Creators of RESTful services typically define additional constraints and default interpretation for corresponding data-centric representations. For example, we can agree to use “id” string in JSON-based representation as an object identifier and we can publish some human readable document which describes and clarifies this agreement. But the key moment is that this agreement is not a part of JSON format.

Even if we are talking about a representation based on a domain specific XML vocabulary, semantic interpretation is outside of this vocabulary and is a part of an informal schema description (using comments or annotations).

Interestingly enough, level of usefulness is different for various representations. In case of a text, for example, computer can show text “as is”. It is also possible to do full-text indexing and to implement simple full-text search.

HTML-based representations add some structure, ability to use styles and linking between resources. Some links analysis can help to improve results of basic full-text search.

If we look at representations based on Topic Maps, situation is different. Topic Maps technology is a knowledge representation formalism and it embeds a set of ontological commitments. Topic Maps-based representations, for example, commit to such categories as topics, subject identifiers, subject locators, names, occurrences (properties) and associations between topics. There is also the commitment to two association types: “instance-type” and “subtype-supertype”. Topic Maps also support contextual assertions (using scope).

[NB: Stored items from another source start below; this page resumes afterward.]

(* Let $R$ be an associative ring with identity and $M$ a left $R$-module which is projective in $\sigma[M]$. Let $SP(M)=\{N\in\Lambda^{fi}(M)\mid N\text{ is semiprime in }M\}\cup\{M\}$, ordered by inclusion. Then $SP(M)$ is a frame. Moreover, $SP(M)\cong\mathcal{O}(LgSpec(M))$ canonically as frames.
   Context: $\Lambda^{fi}(M)$ is the set of fully invariant submodules of $M$. For $N,L\leq M$, $N_ML=\sum\{f(N)\mid f\in\mathrm{Hom}_R(M,L)\}$. A submodule $N\in\Lambda^{fi}(M)$ with $N\neq M$ is semiprime in $M$ if whenever $K\in\Lambda^{fi}(M)$ and $K_MK\subseteq N$, then $K\subseteq N$. $LgSpec(M)$ is the set of submodules $P\neq M$ such that for all $N,L\in\Lambda^{fi}(M)$, $N_ML\subseteq P$ implies $N\subseteq P$ or $L\subseteq P$, with topology whose open sets are $\mathcal{U}(N)=\{P\in LgSpec(M)\mid N\nsubseteq P\}$, $N\in\Lambda^{fi}(M)$; $\mathcal{O}(LgSpec(M))$ is its frame of open sets. A frame is a complete lattice in which finite meets distribute over arbitrary joins. *)

theory Defs
  imports "HOL-Algebra.Module" "HOL-Algebra.Complete_Lattice" "HOL-Analysis.Abstract_Topology"
begin

text \<open>HOL-Algebra's locale module requires a commutative ring, so we state the
  left-module axioms directly, over an arbitrary associative unital ring R.\<close>

definition left_module :: "'r ring \<Rightarrow> ('r, 'a) module \<Rightarrow> bool" where
  "left_module R M \<longleftrightarrow> ring R \<and> abelian_group M \<and>
    (\<forall>a\<in>carrier R. \<forall>x\<in>carrier M. a \<odot>\<^bsub>M\<^esub> x \<in> carrier M) \<and>
    (\<forall>a\<in>carrier R. \<forall>b\<in>carrier R. \<forall>x\<in>carrier M.
        (a \<oplus>\<^bsub>R\<^esub> b) \<odot>\<^bsub>M\<^esub> x = a \<odot>\<^bsub>M\<^esub> x \<oplus>\<^bsub>M\<^esub> b \<odot>\<^bsub>M\<^esub> x) \<and>
    (\<forall>a\<in>carrier R. \<forall>x\<in>carrier M. \<forall>y\<in>carrier M.
        a \<odot>\<^bsub>M\<^esub> (x \<oplus>\<^bsub>M\<^esub> y) = a \<odot>\<^bsub>M\<^esub> x \<oplus>\<^bsub>M\<^esub> a \<odot>\<^bsub>M\<^esub> y) \<and>
    (\<forall>a\<in>carrier R. \<forall>b\<in>carrier R. \<forall>x\<in>carrier M.
        (a \<otimes>\<^bsub>R\<^esub> b) \<odot>\<^bsub>M\<^esub> x = a \<odot>\<^bsub>M\<^esub> (b \<odot>\<^bsub>M\<^esub> x)) \<and>
    (\<forall>x\<in>carrier M. \<one>\<^bsub>R\<^esub> \<odot>\<^bsub>M\<^esub> x = x)"

definition mod_hom :: "'r ring \<Rightarrow> ('r, 'a) module \<Rightarrow> ('r, 'b) module \<Rightarrow> ('a \<Rightarrow> 'b) set" where
  "mod_hom R M N = {f. f \<in> carrier M \<rightarrow> carrier N \<and>
     (\<forall>x\<in>carrier M. \<forall>y\<in>carrier M. f (x \<oplus>\<^bsub>M\<^esub> y) = f x \<oplus>\<^bsub>N\<^esub> f y) \<and>
     (\<forall>a\<in>carrier R. \<forall>x\<in>carrier M. f (a \<odot>\<^bsub>M\<^esub> x) = a \<odot>\<^bsub>N\<^esub> f x)}"

definition submod_sum :: "'r ring \<Rightarrow> ('r, 'a) module \<Rightarrow> 'a set set \<Rightarrow> 'a set" where
  "submod_sum R M S = \<Inter>{K. submodule K R M \<and> \<Union>S \<subseteq> K}"

definition generated_by :: "'r ring \<Rightarrow> ('r, 'a) module \<Rightarrow> ('r, 'b) module \<Rightarrow> bool" where
  "generated_by R M X \<longleftrightarrow> left_module R X \<and>
     carrier X = submod_sum R X {f ` carrier M | f. f \<in> mod_hom R M X}"

definition in_sigma :: "'r ring \<Rightarrow> ('r, 'a) module \<Rightarrow> ('r, 'b) module \<Rightarrow> bool" where
  "in_sigma R M N \<longleftrightarrow> left_module R N \<and>
     (\<exists>X :: ('r, 'b) module. generated_by R M X \<and>
        (\<exists>g \<in> mod_hom R N X. inj_on g (carrier N)))"

text \<open>M is projective in sigma[M], testing against modules of sigma[M] whose carriers live in
  the type 'b.\<close>

definition projective_in_sigma :: "'r ring \<Rightarrow> ('r, 'a) module \<Rightarrow> 'b itself \<Rightarrow> bool" where
  "projective_in_sigma R M (T :: 'b itself) \<longleftrightarrow>
     (\<forall>(A :: ('r, 'b) module) (B :: ('r, 'b) module). in_sigma R M A \<longrightarrow> in_sigma R M B \<longrightarrow>
        (\<forall>g \<in> mod_hom R A B. g ` carrier A = carrier B \<longrightarrow>
          (\<forall>f \<in> mod_hom R M B. \<exists>h \<in> mod_hom R M A. \<forall>x\<in>carrier M. g (h x) = f x)))"

definition fully_invariant :: "'r ring \<Rightarrow> ('r, 'a) module \<Rightarrow> 'a set \<Rightarrow> bool" where
  "fully_invariant R M N \<longleftrightarrow> submodule N R M \<and> (\<forall>f \<in> mod_hom R M M. f ` N \<subseteq> N)"

definition Lambda_fi :: "'r ring \<Rightarrow> ('r, 'a) module \<Rightarrow> 'a set set" where
  "Lambda_fi R M = {N. fully_invariant R M N}"

text \<open>Hom_R(M, L) for a submodule L of M: endomorphisms of M with image inside L.\<close>

definition hom_into :: "'r ring \<Rightarrow> ('r, 'a) module \<Rightarrow> 'a set \<Rightarrow> ('a \<Rightarrow> 'a) set" where
  "hom_into R M L = {f \<in> mod_hom R M M. f ` carrier M \<subseteq> L}"

text \<open>N_M L = sum of f(N), f in Hom_R(M, L).\<close>

definition prodM :: "'r ring \<Rightarrow> ('r, 'a) module \<Rightarrow> 'a set \<Rightarrow> 'a set \<Rightarrow> 'a set" where
  "prodM R M N L = submod_sum R M {f ` N | f. f \<in> hom_into R M L}"

definition semiprime_in :: "'r ring \<Rightarrow> ('r, 'a) module \<Rightarrow> 'a set \<Rightarrow> bool" where
  "semiprime_in R M N \<longleftrightarrow> N \<in> Lambda_fi R M \<and> N \<noteq> carrier M \<and>
     (\<forall>K \<in> Lambda_fi R M. prodM R M K K \<subseteq> N \<longrightarrow> K \<subseteq> N)"

definition SP :: "'r ring \<Rightarrow> ('r, 'a) module \<Rightarrow> 'a set set" where
  "SP R M = {N. semiprime_in R M N} \<union> {carrier M}"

In addition, Topic Maps promote usage of Published Subject Identifiers (PSIs) as a universal mechanism for identifying “things”.

Topic Maps – based representations are optimized for information merging. For example, computers can _automatically_ merge fragments produced by different RESTful services:

Fragment 1 (based on draft of Compact Syntax for Topic Maps: CTM):


p:John_Smith
   isa po:person; 
   - "John Smith"; 
   - "John" @ po:first_name; 
   - "Smith" @ po:last_name
.

g:Boston_MA_US - "Boston"; isa geo:city. 

po:born_in(p:John_Smith : po:person, g:Boston_MA_US : geo:location)

Fragment 2:


g:Paris_FR - "Paris"; isa geo:city. 

po:likes(p:John_Smith : po:person, g:Paris_FR : o:object)

Result of automatic merging:


p:John_Smith
   isa po:person; 
   - "John Smith"; 
   - "John" @ po:first_name; 
   - "Smith" @ po:last_name
.

g:Boston_MA_US - "Boston"; isa geo:city. 

g:Paris_FR - "Paris"; isa geo:city. 

po:born_in(p:John_Smith : po:person, g:Boston_MA_US : geo:location)

po:likes(p:John_Smith : po:person, g:Paris_FR : o:object)

As any other representation formalism, Topic Maps are not ideal. But Topic Maps enthusiasts think that Topic Maps capture a “robust set” of ontological commitments which can drastically improve our ability to organize and manage information and to achieve real reuse of information with added value.